PS/Madeira justifica moção de censura com “colapso” no executivo regional

Para os socialistas, “este é o momento de construção de um novo ciclo sem o PSD e com uma nova visão de futuro”

O líder do PS/Madeira, Carlos Pereira, afirmou esta quinta-feira que a moção de censura ao Governo Regional em debate no parlamento madeirenses surgiu porque "há um colapso evidente" no executivo insular.

No discurso de abertura do debate desta segunda moção de censura apresentada ao executivo liderado pelo social-democrata Miguel Albuquerque, o deputado regional socialista indicou que as sucessivas renovações na orgânica do Governo Regional e a "geografia delirante que marca as alterações de lugares" são "um sinal muito forte de que há um colapso evidente no caminho do governo".

"Este não é um momento de guerrilha política, mas um ato refletido", disse Carlos Pereira, que regressou à Assembleia Legislativa da Madeira, deixando o seu lugar na Assembleia da República.

Para o responsável socialista, "este é o momento de construção de um novo ciclo sem o PSD e com uma nova visão de futuro".

Carlos Pereira criticou os "dois anos e meio de nada" de governação do PSD, salientando que os resultados das eleições autárquicas de 1 de outubro "refletem o pensamento penalizador dos madeirenses".

O presidente do PS/Madeira manifestou a sua convicção de que "a grande maioria do povo da Madeira está de corpo e alma nesta censura, não está disponível para dar mais uma oportunidade a um governo completamente torto e anseia [...] o fim deste martírio governativo".

"Ninguém espera nada de verdadeiramente extraordinário desta última renovação, que envolveu uma profunda alteração orgânica", insistiu, salientando que "o problema persistirá porque o que tem falhado clamorosamente é a liderança do governo e esta só se muda com a queda do governo, com uma censura e com novas eleições".

Carlos Pereira, que deixou a Assembleia em São Bento para assumir o lugar no Parlamento regional, defende a proposta de moção na mesma altura em que existe uma disputa interna dentro do PS-Madeira, com uma corrida para o lugar de presidente.

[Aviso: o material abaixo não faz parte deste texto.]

lemma centre_gap_integral_le:
  assumes s: "s \<in> {0..T}"
  shows "centre_gap s \<le> real N * LK * stretch * r * T + (Lv + 2 * LK) * integral {0..s} centre_gap"
proof -
  have sub: "{0..s} \<subseteq> {0..T}" using s by auto
  have cont: "continuous_on {0..s} centre_gap"
    using continuous_on_subset[OF centre_gap_continuous sub] .
  define h where "h j \<sigma> = (Lv + LK) * norm (\<gamma> \<sigma> (X j) - \<gamma>' \<sigma> (X j))
      + LK / real N * (centre_gap \<sigma> + real N * stretch * r)" for j \<sigma>
  have h: "h j integrable_on {0..s}" for j
    unfolding h_def
    by (intro integrable_continuous_real continuous_intros continuous_on_subset[OF _ sub]
        emp.flow_continuous smo.flow_continuous centre_gap_continuous)
  have sum_h: "(\<Sum>j<N. h j \<sigma>) = (Lv + 2 * LK) * centre_gap \<sigma> + real N * LK * stretch * r" for \<sigma>
    using N_pos unfolding h_def centre_gap_def
    by (simp add: sum.distrib sum_distrib_left[symmetric] algebra_simps)
  have "centre_gap s \<le> (\<Sum>j<N. integral {0..s} (h j))"
    unfolding centre_gap_def[of s] h_def by (intro sum_mono norm_flow_diff_le[OF s])
  also have "\<dots> = integral {0..s} (\<lambda>\<sigma>. (Lv + 2 * LK) * centre_gap \<sigma> + real N * LK * stretch * r)"
    using h by (simp add: sum_h flip: integral_sum)
  also have "\<dots> = (Lv + 2 * LK) * integral {0..s} centre_gap + real N * LK * stretch * r * s"
    using s integrable_continuous_real[OF cont]
    by (subst integral_add) (auto intro: integrable_on_mult_right)
  also have "\<dots> \<le> (Lv + 2 * LK) * integral {0..s} centre_gap + real N * LK * stretch * r * T"
    using s r_pos LK_nonneg by (intro add_left_mono mult_left_mono) auto
  finally show ?thesis by simp
qed

lemma centre_gap_le:
  assumes t: "t \<in> {0..T}"
  shows "centre_gap t \<le> real N * LK * stretch * r * T * exp ((Lv + 2 * LK) * T)"
proof -
  have "centre_gap t \<le> real N * LK * stretch * r * T * exp ((Lv + 2 * LK) * t)"
    using Gronwall_integral[OF centre_gap_continuous _ centre_gap_integral_le t] Lv_nonneg LK_nonneg by simp
  also have "\<dots> \<le> real N * LK * stretch * r * T * exp ((Lv + 2 * LK) * T)"
    using t r_pos LK_nonneg Lv_nonneg emp.T_nonneg by (intro mult_left_mono) (auto intro!: mult_left_mono)
  finally show ?thesis .
qed

lemma W1_le:
  assumes t: "t \<in> {0..T}"
  shows "W1 (\<mu> t) (\<nu> t) \<le> ennreal (real N * r * (LK * T * stretch * exp ((Lv + 2 * LK) * T) + stretch))"
proof -
  have "centre_gap t + real N * stretch * r
      \<le> real N * r * (LK * T * stretch * exp ((Lv + 2 * LK) * T) + stretch)"
    using centre_gap_le[OF t] by (simp add: algebra_simps)
  then show ?thesis
    using W1_le_centre_gap[OF t] by (meson ennreal_leI order_trans)
qed

end

lemma interaction_KN:
  assumes "Lv-lipschitz_on UNIV vd" and "LK-lipschitz_on UNIV Kc" and "bounded (range Kc)"
    and "N \<ge> 1" and "\<alpha> + \<beta> \<ge> 1"
  shows "interaction (KN Kc \<alpha> \<beta> N) vd Lv LK N"
  using assms KN_lipschitz KN_bounded by unfold_locales auto

lemma W1_empirical_smoothed_le:
  fixes K vd :: "'a::euclidean_space \<Rightarrow> 'a"
  assumes K: "interaction K vd Lv LK N" and T: "T \<ge> 0" and r: "r > 0"
    and separated: "\<And>i j. i < N \<Longrightarrow> j < N \<Longrightarrow> i \<noteq> j \<Longrightarrow> r < dist (X j) (X i) / 2"
    and f: "\<And>x. f x \<ge> 0" "\<And>x. x \<notin> cball 0 1 \<Longrightarrow> f x = 0" "f \<in> borel_measurable borel"
    and \<mu>: "is_solution K vd T (real N) (empirical N X) \<mu>"
    and \<nu>: "is_solution K vd T (real N) (smoothed N X f r) \<nu>"
    and t: "t \<in> {0..T}"
  shows "W1 (\<mu> t) (\<nu> t) \<le> ennreal (real N * r * (LK * T * exp ((Lv + LK) * T)
      * exp ((Lv + 2 * LK) * T) + exp ((Lv + LK) * T)))"
proof -
  obtain \<gamma> where \<gamma>: "flow K vd Lv LK N T (empirical N X) \<mu> \<gamma>"
    using is_solution_imp_flow[OF K T \<mu>] .
  obtain \<gamma>' where \<gamma>': "flow K vd Lv LK N T (smoothed N X f r) \<nu> \<gamma>'"
    using is_solution_imp_flow[OF K T \<nu>] .
  have "emeasure (smoothed N X f r) UNIV = emeasure (\<nu> 0) (space (\<nu> 0))"
    using T flow.push_forward[OF \<gamma>', of 0] flow.flow_measurable[OF \<gamma>', of 0]
    by (simp add: emeasure_distr smoothed_def)
  also have "\<dots> = of_nat N"
    using T flow.M1_curve[OF \<gamma>', of 0] by (simp add: M1_def ennreal_of_nat_eq_real_of_nat)
  finally have "emeasure (smoothed N X f r) UNIV = of_nat N" .
  then interpret comparison N X f r K vd Lv LK T \<mu> \<nu> \<gamma> \<gamma>'
    using K \<gamma> \<gamma>' r separated f interaction.N_pos[OF K]
    by (intro_locales; simp add: separated_bumps_def flow_def)
  show ?thesis by (rule W1_le[OF t])
qed

theorem mainTheorem9:
  fixes vd Kc :: "'a::euclidean_space \<Rightarrow> 'a"
    and T R \<alpha> \<beta> :: real
    and X :: "nat \<Rightarrow> nat \<Rightarrow> 'a"
    and f :: "'a \<Rightarrow> real"
    and r :: "nat \<Rightarrow> real"
    and \<epsilon> \<rho> :: "nat \<Rightarrow> real \<Rightarrow> 'a measure"
  assumes T: "T > 0"
    and vd_lip: "\<exists>L. L-lipschitz_on UNIV vd"
    and K_lip: "\<exists>L. L-lipschitz_on UNIV Kc"
    and K_supp: "closure {z. Kc z \<noteq> 0} \<subseteq> ball 0 R"
    and ab: "\<alpha> + \<beta> \<ge> 1"
    and X_dist: "\<And>N. N \<ge> 1 \<Longrightarrow> inj_on (X N) {..<N}"
    and f_nonneg: "\<And>x. f x \<ge> 0"
    and f_supp: "\<And>x. x \<notin> cball 0 1 \<Longrightarrow> f x = 0"
    and f_meas: "f \<in> borel_measurable borel"
    and f_int: "(\<integral>\<^sup>+ x\<in>ball 0 1. ennreal (f x) \<partial>lborel) = 1"
    and r_pos: "\<And>N. N \<ge> 1 \<Longrightarrow> r N > 0"
    and r_sep: "\<And>N i j. N \<ge> 1 \<Longrightarrow> i < N \<Longrightarrow> j < N \<Longrightarrow> i \<noteq> j \<Longrightarrow>
                  r N < dist (X N j) (X N i) / 2"
    and eps_sol: "\<And>N. N \<ge> 1 \<Longrightarrow>
        is_solution (KN Kc \<alpha> \<beta> N) vd T (real N) (empirical N (X N)) (\<epsilon> N)"
    and rho_sol: "\<And>N. N \<ge> 1 \<Longrightarrow>
        is_solution (KN Kc \<alpha> \<beta> N) vd T (real N) (smoothed N (X N) f (r N)) (\<rho> N)"
    and r_small: "r \<in> o(\<lambda>N. inverse (real N))"
  shows "\<forall>t\<in>{0<..T}. (\<lambda>N. W1 (\<epsilon> N t) (\<rho> N t)) \<longlonglongrightarrow> 0"
proof
  fix t assume t: "t \<in> {0<..T}"
  obtain Lv LK where Lv: "Lv-lipschitz_on UNIV vd" and LK: "LK-lipschitz_on UNIV Kc"
    using vd_lip K_lip by blast
  have "bounded (range Kc)"
    using bounded_range_if_compact_support[OF lipschitz_on_continuous_on[OF LK] K_supp] .
  define C where "C = LK * T * exp ((Lv + LK) * T) * exp ((Lv + 2 * LK) * T) + exp ((Lv + LK) * T)"
  have bound: "\<forall>\<^sub>F N in sequentially. W1 (\<epsilon> N t) (\<rho> N t) \<le> ennreal (real N * r N * C)"
    using eventually_ge_at_top[of 1]
  proof eventually_elim
    case (elim N)
    show ?case
      unfolding C_def using t T
      by (intro W1_empirical_smoothed_le[OF interaction_KN[OF Lv LK \<open>bounded _\<close> elim ab] _
          r_pos[OF elim] r_sep[OF elim] f_nonneg f_supp f_meas eps_sol[OF elim] rho_sol[OF elim]]) auto
  qed
  have "(\<lambda>N. real N * r N) \<longlonglongrightarrow> 0"
    using smalloD_tendsto[OF r_small] by (simp add: divide_inverse_commute)
  then have "(\<lambda>N. ennreal (real N * r N * C)) \<longlonglongrightarrow> ennreal 0"
    by (intro tendsto_ennrealI tendsto_mult_left_zero)
  then show "(\<lambda>N. W1 (\<epsilon> N t) (\<rho> N t)) \<longlonglongrightarrow> 0"
    using tendsto_sandwich[OF eventuallyI[OF zero_le] bound tendsto_const] by simp
qed

end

O adversário de Pereira é Emanuel Câmara, presidente da Câmara do Porto Moniz, concelho do norte da ilha, que quer ser presidente dos socialistas, mas não será candidato a presidente do Governo Regional da Madeira em 2019.

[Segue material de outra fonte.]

definition weak_tuples_with_max :: "nat \<Rightarrow> nat \<Rightarrow> nat list set" where
  "weak_tuples_with_max N k = {l \<in> bounded_weak_tuples N k. l \<noteq> [] \<and> hd l = N}"

lemma finite_bounded_weak_tuples: "finite (bounded_weak_tuples N k)"
  by (rule finite_subset[of _ "{l. set l \<subseteq> {..N} \<and> length l = k}"])
     (auto simp: bounded_weak_tuples_def weak_tuples_def intro: finite_lists_length_eq)

lemma finite_weak_tuples_with_max: "finite (weak_tuples_with_max N k)"
  using finite_bounded_weak_tuples by (simp add: weak_tuples_with_max_def)

lemma bounded_weak_tuples_0 [simp]: "bounded_weak_tuples N 0 = {[]}"
  by (auto simp: bounded_weak_tuples_def weak_tuples_def)

lemma bounded_weak_tuples_zero_Suc [simp]: "bounded_weak_tuples 0 (Suc k) = {}"
  by (auto simp: bounded_weak_tuples_def weak_tuples_def length_Suc_conv)

lemma bounded_weak_tuples_Suc:
  "bounded_weak_tuples (Suc N) k = bounded_weak_tuples N k \<union> weak_tuples_with_max (Suc N) k"
proof (intro set_eqI iffI)
  fix l assume l: "l \<in> bounded_weak_tuples (Suc N) k"
  show "l \<in> bounded_weak_tuples N k \<union> weak_tuples_with_max (Suc N) k"
  proof (cases l)
    case (Cons h r)
    with l show ?thesis
      by (cases "h = Suc N")
         (auto simp: bounded_weak_tuples_def weak_tuples_with_max_def weak_tuples_def)
  qed (use l in \<open>auto simp: bounded_weak_tuples_def\<close>)
qed (auto simp: bounded_weak_tuples_def weak_tuples_with_max_def)

lemma bounded_weak_tuples_disjoint_with_max:
  "bounded_weak_tuples N k \<inter> weak_tuples_with_max (Suc N) k = {}"
  by (auto simp: bounded_weak_tuples_def weak_tuples_with_max_def neq_Nil_conv)

lemma weak_tuples_with_max_Suc:
  "weak_tuples_with_max (Suc N) (Suc k) = Cons (Suc N) ` bounded_weak_tuples (Suc N) k"
proof (intro set_eqI iffI)
  fix l assume "l \<in> weak_tuples_with_max (Suc N) (Suc k)"
  then show "l \<in> Cons (Suc N) ` bounded_weak_tuples (Suc N) k"
    by (cases l) (auto simp: weak_tuples_with_max_def bounded_weak_tuples_def weak_tuples_def)
qed (auto simp: weak_tuples_with_max_def bounded_weak_tuples_def weak_tuples_def)

lemma bounded_weak_tuples_mono: "N \<le> N' \<Longrightarrow> bounded_weak_tuples N k \<subseteq> bounded_weak_tuples N' k"
  by (auto simp: bounded_weak_tuples_def)

lemma finite_subset_bounded_weak_tuples:
  assumes "finite F" "F \<subseteq> weak_tuples k"
  shows "\<exists>N. F \<subseteq> bounded_weak_tuples N k"
proof
  show "F \<subseteq> bounded_weak_tuples (Max (\<Union>(set ` F))) k"
    using assms by (auto simp: bounded_weak_tuples_def intro: Max_ge)
qed

lemma bounded_weak_tuples_tendsto:
  "filterlim (\<lambda>N. bounded_weak_tuples N k) (finite_subsets_at_top (weak_tuples k)) sequentially"
  unfolding filterlim_iff
proof (intro allI impI)
  fix P assume "eventually P (finite_subsets_at_top (weak_tuples k))"
  then obtain X where X: "finite X" "X \<subseteq> weak_tuples k"
    and P: "\<And>Y. finite Y \<Longrightarrow> X \<subseteq> Y \<Longrightarrow> Y \<subseteq> weak_tuples k \<Longrightarrow> P Y"
    by (auto simp: eventually_finite_subsets_at_top)
  obtain N0 where "X \<subseteq> bounded_weak_tuples N0 k"
    using finite_subset_bounded_weak_tuples[OF X] by blast
  then have "P (bounded_weak_tuples N k)" if "N0 \<le> N" for N
    using that bounded_weak_tuples_mono[OF that, of k] finite_bounded_weak_tuples[of N k]
    by (intro P) (auto simp: bounded_weak_tuples_def)
  then show "eventually (\<lambda>N. P (bounded_weak_tuples N k)) sequentially"
    unfolding eventually_sequentially by blast
qed

definition zeta_t_partial :: "real \<Rightarrow> nat \<Rightarrow> nat \<Rightarrow> nat \<Rightarrow> real" where
  "zeta_t_partial t m N k = (\<Sum>l\<in>bounded_weak_tuples N k. zeta_t_term t m l)"

definition zeta_t_partial_with_max :: "real \<Rightarrow> nat \<Rightarrow> nat \<Rightarrow> nat \<Rightarrow> real" where
  "zeta_t_partial_with_max t m N k = (\<Sum>l\<in>weak_tuples_with_max N k. zeta_t_term t m l)"

lemma zeta_t_partial_0: "zeta_t_partial t m 0 k = (if k = 0 then 1 else 0)"
  by (cases k) (simp_all add: zeta_t_partial_def zeta_t_term_def)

O candidato à Quinta Vigia será então Paulo Cafofo, o independente reeleito para Câmara do Funchal. O que abriu já uma guerra interna entre os que acham que isso é garantia para ganhar as regionais em 2019 e os que entendem como uma traição ao partido.

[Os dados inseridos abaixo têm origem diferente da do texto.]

lemma lyapunov_ultimate_bound:
  fixes W W' N :: "real \<Rightarrow> real"
  assumes "L > 0" "m > 0" "\<beta> > 0" "\<alpha> > 0"
    and rate: "\<alpha> \<le> \<beta> / (4 * m)" "\<alpha> \<le> \<beta> / (2 * sqrt (m * L))"
    and deriv: "\<forall>t\<ge>0. (W has_real_derivative W' t) (at t within {0..})"
    and dissipation: "\<forall>t\<ge>0. W' t \<le> - \<beta> * (N t)\<^sup>2 + 2 * N t * D"
    and lower: "\<forall>t\<ge>0. L * (N t)\<^sup>2 \<le> W t" and upper: "\<forall>t\<ge>0. W t \<le> m * (N t)\<^sup>2"
    and N_nonneg: "\<forall>t\<ge>0. N t \<ge> 0" and "D \<ge> 0" "t \<ge> 0"
  shows "N t \<le> sqrt (\<bar>W 0\<bar> / L) * exp (- \<alpha> * t) + D / (\<alpha> * L)"
proof -
  define \<gamma> where "\<gamma> = \<beta> / (2 * m)"
  have "L * (N t)\<^sup>2 \<le> exp (- \<gamma> * t) * \<bar>W 0\<bar> + 4 * m * D\<^sup>2 / \<beta>\<^sup>2"
    using lower dissipation_exponential_bound[OF \<open>m > 0\<close> \<open>\<beta> > 0\<close> deriv dissipation upper \<open>t \<ge> 0\<close>]
      \<open>t \<ge> 0\<close> unfolding \<gamma>_def by fastforce
  then have "(N t)\<^sup>2 \<le> exp (- \<gamma> * t) * \<bar>W 0\<bar> / L + 4 * m * D\<^sup>2 / (\<beta>\<^sup>2 * L)"
    using \<open>L > 0\<close> by (simp add: field_simps)
  then have "N t \<le> sqrt (exp (- \<gamma> * t) * \<bar>W 0\<bar> / L + 4 * m * D\<^sup>2 / (\<beta>\<^sup>2 * L))"
    using N_nonneg \<open>t \<ge> 0\<close> by (simp add: real_le_rsqrt)
  also have "\<dots> \<le> sqrt (exp (- \<gamma> * t) * \<bar>W 0\<bar> / L) + sqrt (4 * m * D\<^sup>2 / (\<beta>\<^sup>2 * L))"
    using assms(1-3) by (intro sqrt_add_le_add_sqrt) auto
  also have "sqrt (exp (- \<gamma> * t) * \<bar>W 0\<bar> / L) = sqrt (\<bar>W 0\<bar> / L) * exp (- \<gamma> * t / 2)"
  proof -
    have "sqrt (exp (- \<gamma> * t)) = exp (- \<gamma> * t / 2)"
      by (rule real_sqrt_unique) (simp_all add: power2_eq_square flip: exp_add)
    then show ?thesis by (simp add: real_sqrt_mult real_sqrt_divide)
  qed
  also have "\<dots> \<le> sqrt (\<bar>W 0\<bar> / L) * exp (- \<alpha> * t)"
  proof (rule mult_left_mono)
    have "\<alpha> * t \<le> \<gamma> / 2 * t"
      using rate(1) \<open>t \<ge> 0\<close> \<open>m > 0\<close> by (intro mult_right_mono) (simp_all add: \<gamma>_def field_simps)
    then show "exp (- \<gamma> * t / 2) \<le> exp (- \<alpha> * t)" by simp
  qed (use \<open>L > 0\<close> in simp)
  also have "sqrt (4 * m * D\<^sup>2 / (\<beta>\<^sup>2 * L)) \<le> D / (\<alpha> * L)"
  proof (rule real_le_lsqrt)
    have "\<alpha> * (2 * sqrt (m * L)) \<le> \<beta>"
      using rate(2) assms(1,2) by (simp add: le_divide_eq mult_ac)
    then have "(\<alpha> * (2 * sqrt (m * L)))\<^sup>2 \<le> \<beta>\<^sup>2"
      using assms(1,2,4) by (intro power_mono) auto
    then have "4 * m * L * \<alpha>\<^sup>2 \<le> \<beta>\<^sup>2"
      using assms(1,2) by (simp add: power_mult_distrib mult_ac)
    then have "4 * m * L * \<alpha>\<^sup>2 * D\<^sup>2 \<le> \<beta>\<^sup>2 * D\<^sup>2"
      by (simp add: mult_right_mono)
    then show "4 * m * D\<^sup>2 / (\<beta>\<^sup>2 * L) \<le> (D / (\<alpha> * L))\<^sup>2"
      using assms(1,3,4) by (simp add: field_simps power2_eq_square)
  qed (use assms(1,4) \<open>D \<ge> 0\<close> in simp_all)
  finally show ?thesis by simp
qed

As sondagens mais recentes tiram a maioria ao PSD e dão uma maioria numa coligação alargada. Outro dado da mais recente sondagem publicada no Diário de Notícias da Madeira coloca Alberto João Jardim como o candidato a presidente do governo mais popular à frente de Paulo Cafôfo e de Miguel Albuquerque.

Carlos Pereira, o líder do PS-M e mentor da moção de censura, aparece em quarto lugar.